Work item »
Scan the entries for lines with the word "longrightarrow" and copy those lines.

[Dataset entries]

lemma wbc_objective_product_form:
  fixes E :: "'s \<Rightarrow> real" and h :: "'s \<Rightarrow> nat \<Rightarrow> 'a \<Rightarrow> real"
  assumes "i \<in> {1..n}" "\<forall>j\<in>{1..n}. finite (A j)"
    and product: "\<forall>s\<in>S. \<forall>a\<in>joint_actions n A.
      rhoU s a * w s a = E s * (\<Prod>j\<in>{1..n}. h s j (a j))"
  shows "wbc_objective n S A loc rhoU w i p =
    (\<Sum>s\<in>S. \<Sum>b\<in>A i. E s * (\<Prod>j\<in>{1..n}-{i}. \<Sum>x\<in>A j. h s j x) * h s i b * ln (p (loc i s) b))"
  unfolding wbc_objective_def
proof (rule sum.cong)
  fix s assume "s \<in> S"
  then have "(\<Sum>a\<in>joint_actions n A. rhoU s a * w s a * ln (p (loc i s) (a i)))
      = E s * (\<Sum>a\<in>joint_actions n A. (\<Prod>j\<in>{1..n}. h s j (a j)) * ln (p (loc i s) (a i)))"
    using product by (simp add: sum_distrib_left mult.assoc)
  also have "\<dots> = E s * ((\<Sum>b\<in>A i. h s i b * ln (p (loc i s) b)) * (\<Prod>j\<in>{1..n}-{i}. \<Sum>x\<in>A j. h s j x))"
    using sum_PiE_prod_times_component[of "{1..n}" i A "h s" "\<lambda>b. ln (p (loc i s) b)"] assms(1,2)
    by simp
  finally show "(\<Sum>a\<in>joint_actions n A. rhoU s a * w s a * ln (p (loc i s) (a i)))
      = (\<Sum>b\<in>A i. E s * (\<Prod>j\<in>{1..n}-{i}. \<Sum>x\<in>A j. h s j x) * h s i b * ln (p (loc i s) b))"
    by (simp add: sum_distrib_left sum_distrib_right mult_ac)
qed simp

lemma wbc_optimal_policy_of_product_weights:
  fixes E k :: "'s \<Rightarrow> real" and h :: "'s \<Rightarrow> nat \<Rightarrow> 'a \<Rightarrow> real" and f :: "'a \<Rightarrow> real"
  assumes "finite S" and finA: "\<forall>j\<in>{1..n}. finite (A j) \<and> A j \<noteq> {}" and agent: "i \<in> {1..n}"
    and product: "\<forall>s'\<in>S. \<forall>a\<in>joint_actions n A.
      rhoU s' a * w s' a = E s' * (\<Prod>j\<in>{1..n}. h s' j (a j))"
    and E_nonneg: "\<forall>s'\<in>S. E s' \<ge> 0"
    and h_pos: "\<forall>s'. \<forall>j\<in>{1..n}. \<forall>x\<in>A j. h s' j x > 0"
    and agent_factor: "\<forall>s'\<in>S. loc i s' = loc i s \<longrightarrow> k s' > 0 \<and> (\<forall>b\<in>A i. h s' i b = k s' * f b)"
    and f_pos: "\<forall>b\<in>A i. f b > 0"
    and pi_feasible: "local_policy (A i) \<pi>"
    and pi_opt: "\<forall>p. local_policy (A i) p \<longrightarrow>
      wbc_objective n S A loc rhoU w i p \<le> wbc_objective n S A loc rhoU w i \<pi>"
    and s_in: "s \<in> S" and E_s: "E s > 0" and ai_in: "ai \<in> A i"
  shows "\<pi> (loc i s) ai = f ai / sum f (A i)"
proof -
  define R where "R s' = (\<Prod>j\<in>{1..n}-{i}. \<Sum>x\<in>A j. h s' j x)" for s'
  define V where "V s' b = E s' * R s' * h s' i b" for s' b
  define T where "T = {s'\<in>S. loc i s' = loc i s}"
  define W where "W b = (\<Sum>s'\<in>T. V s' b)" for b
  define K where "K = (\<Sum>s'\<in>T. E s' * R s' * k s')"
  have finAi: "finite (A i)" "A i \<noteq> {}"
    using finA agent by auto
  have R_pos: "R s' > 0" for s'
    unfolding R_def using finA h_pos by (intro prod_pos sum_pos) auto
  have "K > 0"
    unfolding K_def T_def using assms(1) s_in E_s E_nonneg agent_factor R_pos
    by (intro sum_pos2[of _ s])
      (auto intro!: mult_nonneg_nonneg less_imp_le[of 0 "R _"] less_imp_le[of 0 "k _"])
  have W_eq: "W b = K * f b" if "b \<in> A i" for b
    unfolding W_def K_def V_def sum_distrib_right T_def
    using agent_factor that by (intro sum.cong) (auto simp: mult_ac)
  have W_pos: "\<forall>b\<in>A i. W b > 0"
    using W_eq \<open>K > 0\<close> f_pos by simp
  have obj: "wbc_objective n S A loc rhoU w i p = (\<Sum>s'\<in>S. \<Sum>b\<in>A i. V s' b * ln (p (loc i s') b))" for p
    unfolding V_def R_def using wbc_objective_product_form[OF agent _ product] finA by simp
  have "(\<Sum>b\<in>A i. W b * ln (W b / sum W (A i))) \<le> (\<Sum>b\<in>A i. W b * ln (\<pi> (loc i s) b))"
    using local_policy_optimal_at_state[OF assms(1) pi_feasible, of V "loc i" "\<lambda>b. W b / sum W (A i)"]
      pi_opt W_pos finAi sum_pos[of "A i" W]
    by (simp add: obj W_def T_def sum_divide_distrib[symmetric])
  then have "\<pi> (loc i s) ai = W ai / sum W (A i)"
    using weighted_log_maximiser[OF finAi(1) W_pos] pi_feasible ai_in
    by (simp add: local_policy_def)
  also have "\<dots> = f ai / sum f (A i)"
    using W_eq ai_in \<open>K > 0\<close> by (simp add: sum_distrib_left[symmetric] cong: sum.cong)
  finally show ?thesis .
qed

Exercise answer »
    and agent_factor: "\<forall>s'\<in>S. loc i s' = loc i s \<longrightarrow> k s' > 0 \<and> (\<forall>b\<in>A i. h s' i b = k s' * f b)"
    and pi_opt: "\<forall>p. local_policy (A i) p \<longrightarrow>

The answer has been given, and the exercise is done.